KEY = customer_id (our choice) KEY = none / round-robin
+ per-customer order preserved + perfect load balance across partitions
+ copilot reads one story in order − NO ordering: chat may index after the
− a flooding customer = hot partition screenshot that referenced it
(one partition's max throughput) − copilot may retrieve out-of-order context
Ordering in a log is per-partition only — this is true for Kafka, Kinesis (per-shard), and Pulsar alike. There is no global order across partitions, and you do not want one: global order means one partition, which means one consumer, which means no parallelism. So you buy the minimum ordering you need — per-customer — and accept that two different customers' events have no defined relative order, which is fine because the copilot only ever reasons within one customer's story.

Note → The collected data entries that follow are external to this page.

(* Let $X$ be a totally disconnected compact metrizable space, $T\colon X\to X$ a homeomorphism, $K$ a field with involution, $\mathcal A=C_K(X)\rtimes_T\mathbb Z$, $E\subseteq X$ a nonempty clopen set and $\mathcal P$ a partition of $X\setminus E$. Let $\mathcal B$ be the unital $*$-subalgebra of $\mathcal A$ generated by $\{\chi_Zt: Z\in\mathcal P\}$ and $\mathcal B_0=C_K(X)\cap\mathcal B$. Then $\mathcal B_0$ is the linear span of $1$ and the projections $$\chi_{T^{-r}(Z_{-r})\cap T^{-r+1}(Z_{-r+1})\cap\cdots\cap Z_0\cap T(Z_1)\cap\cdots\cap T^{s-1}(Z_{s-1})}$$ with $r,s\ge0$ and $Z_{-r},\dots,Z_{s-1}\in\mathcal P$.
   Context: $C_K(X)$ is the $*$-algebra of locally constant functions $X\to K$ (pointwise operations, $f^*=\bar f$), $\chi_U$ the characteristic function of a clopen $U$. $\mathcal A=C_K(X)\rtimes_T\mathbb Z$ is the algebraic crossed product: finite sums $\sum_if_it^i$ with $f_i\in C_K(X)$, multiplication determined by $tf=(f\circ T^{-1})t$ (so $t\chi_Ut^{-1}=\chi_{T(U)}$), involution $(ft^i)^*=t^{-i}f^*$, and $t^{-1}=t^*$. A partition of a clopen set $Y$ is a finite family of nonempty, pairwise disjoint clopen subsets with union $Y$. *)

theory Defs
  imports "HOL-Analysis.Analysis"
begin

definition totally_disconnected_space :: "'x::topological_space itself \<Rightarrow> bool" where
  "totally_disconnected_space _ \<longleftrightarrow> (\<forall>S::'x set. connected S \<longrightarrow> (\<exists>a. S \<subseteq> {a}))"

definition clopen :: "'x::topological_space set \<Rightarrow> bool" where
  "clopen U \<longleftrightarrow> open U \<and> closed U"

text \<open>Locally constant functions X -> K (the elements of C_K(X)).\<close>
definition locally_constant :: "('x::topological_space \<Rightarrow> 'k) \<Rightarrow> bool" where
  "locally_constant f \<longleftrightarrow> (\<forall>x. \<exists>U. open U \<and> x \<in> U \<and> (\<forall>y\<in>U. f y = f x))"

definition field_involution :: "('k::field \<Rightarrow> 'k) \<Rightarrow> bool" where
  "field_involution cj \<longleftrightarrow> (\<forall>a b. cj (a + b) = cj a + cj b) \<and> (\<forall>a b. cj (a * b) = cj a * cj b)
     \<and> (\<forall>a. cj (cj a) = a)"

definition clopen_partition :: "'x::topological_space set set \<Rightarrow> 'x set \<Rightarrow> bool" where
  "clopen_partition P Y \<longleftrightarrow> finite P \<and> (\<forall>Z\<in>P. Z \<noteq> {} \<and> clopen Z)
     \<and> (\<forall>Z1\<in>P. \<forall>Z2\<in>P. Z1 \<noteq> Z2 \<longrightarrow> Z1 \<inter> Z2 = {}) \<and> \<Union>P = Y"

definition Tpow :: "('x \<Rightarrow> 'x) \<Rightarrow> ('x \<Rightarrow> 'x) \<Rightarrow> int \<Rightarrow> 'x \<Rightarrow> 'x" where
  "Tpow T Ti i = (if 0 \<le> i then T ^^ nat i else Ti ^^ nat (- i))"

text \<open>Elements of the algebraic crossed product C_K(X) \<rtimes>_T Z are represented by their
  coefficient functions: a represents \<Sum>_n (a n) t^n.\<close>
definition crossed :: "(int \<Rightarrow> 'x::topological_space \<Rightarrow> 'k::field) set" where
  "crossed = {a. finite {n. a n \<noteq> (\<lambda>_. 0)} \<and> (\<forall>n. locally_constant (a n))}"

text \<open>(f t^i)(g t^j) = f (g \<circ> T^{-i}) t^{i+j}\<close>
definition cp_mult :: "('x \<Rightarrow> 'x) \<Rightarrow> ('x \<Rightarrow> 'x) \<Rightarrow> (int \<Rightarrow> 'x \<Rightarrow> 'k::field)
    \<Rightarrow> (int \<Rightarrow> 'x \<Rightarrow> 'k) \<Rightarrow> (int \<Rightarrow> 'x \<Rightarrow> 'k)" where
  "cp_mult T Ti a b = (\<lambda>n x. \<Sum>i\<in>{i. a i \<noteq> (\<lambda>_. 0)}. a i x * b (n - i) (Tpow T Ti (- i) x))"

definition cp_add :: "(int \<Rightarrow> 'x \<Rightarrow> 'k::field) \<Rightarrow> (int \<Rightarrow> 'x \<Rightarrow> 'k) \<Rightarrow> (int \<Rightarrow> 'x \<Rightarrow> 'k)" where
  "cp_add a b = (\<lambda>n x. a n x + b n x)"

definition cp_scale :: "'k::field \<Rightarrow> (int \<Rightarrow> 'x \<Rightarrow> 'k) \<Rightarrow> (int \<Rightarrow> 'x \<Rightarrow> 'k)" where
  "cp_scale c a = (\<lambda>n x. c * a n x)"

text \<open>(f t^i)^* = t^{-i} conj(f) = (conj(f) \<circ> T^i) t^{-i}\<close>
definition cp_star :: "('x \<Rightarrow> 'x) \<Rightarrow> ('x \<Rightarrow> 'x) \<Rightarrow> ('k::field \<Rightarrow> 'k) \<Rightarrow> (int \<Rightarrow> 'x \<Rightarrow> 'k)
    \<Rightarrow> (int \<Rightarrow> 'x \<Rightarrow> 'k)" where
  "cp_star T Ti cj a = (\<lambda>n x. cj (a (- n) (Tpow T Ti (- n) x)))"

definition cp_embed :: "('x \<Rightarrow> 'k::field) \<Rightarrow> (int \<Rightarrow> 'x \<Rightarrow> 'k)" where
  "cp_embed f = (\<lambda>n. if n = 0 then f else (\<lambda>_. 0))"

definition cp_one :: "int \<Rightarrow> 'x \<Rightarrow> 'k::field" where
  "cp_one = cp_embed (\<lambda>_. 1)"

definition chi_t :: "'x set \<Rightarrow> (int \<Rightarrow> 'x \<Rightarrow> 'k::field)" where
  "chi_t Z = (\<lambda>n. if n = 1 then indicator Z else (\<lambda>_. 0))"

inductive_set star_subalg_gen :: "('x \<Rightarrow> 'x) \<Rightarrow> ('x \<Rightarrow> 'x) \<Rightarrow> ('k::field \<Rightarrow> 'k)
    \<Rightarrow> (int \<Rightarrow> 'x \<Rightarrow> 'k) set \<Rightarrow> (int \<Rightarrow> 'x \<Rightarrow> 'k) set"
  for T Ti cj S where
    gen_one: "cp_one \<in> star_subalg_gen T Ti cj S"
  | gen_base: "s \<in> S \<Longrightarrow> s \<in> star_subalg_gen T Ti cj S"
  | gen_add: "a \<in> star_subalg_gen T Ti cj S \<Longrightarrow> b \<in> star_subalg_gen T Ti cj S
      \<Longrightarrow> cp_add a b \<in> star_subalg_gen T Ti cj S"
  | gen_scale: "a \<in> star_subalg_gen T Ti cj S \<Longrightarrow> cp_scale c a \<in> star_subalg_gen T Ti cj S"
  | gen_mult: "a \<in> star_subalg_gen T Ti cj S \<Longrightarrow> b \<in> star_subalg_gen T Ti cj S
      \<Longrightarrow> cp_mult T Ti a b \<in> star_subalg_gen T Ti cj S"
  | gen_star: "a \<in> star_subalg_gen T Ti cj S \<Longrightarrow> cp_star T Ti cj a \<in> star_subalg_gen T Ti cj S"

Partition count sets the ceiling on consumer parallelism: N partitions → at most N consumers in a group reading that topic in parallel. Under-partition and you cannot scale ASR consumers past the partition count when the Monday flood hits. Over-partition and you pay coordination overhead and tiny files downstream. Kafka 4.x clusters can run far more partitions per broker than the old ~4k rule of thumb, but the discipline is the same: partition for your peak consumer parallelism plus headroom, not your average.
The hotspot pathology: if customer 88213 is actually a misbehaving integration emitting 10k events/min, every one lands on partition 1 (same key), and partition 1's single-consumer throughput becomes the bottleneck while partitions 0, 2, 3 sit idle. The fix is not more partitions — it is a composite key (customer_id + session_id) or detecting and quarantining the abusive producer. Same shape, different layer: this is head-of-line blocking, the same geometry as a single slow request stalling a connection pool.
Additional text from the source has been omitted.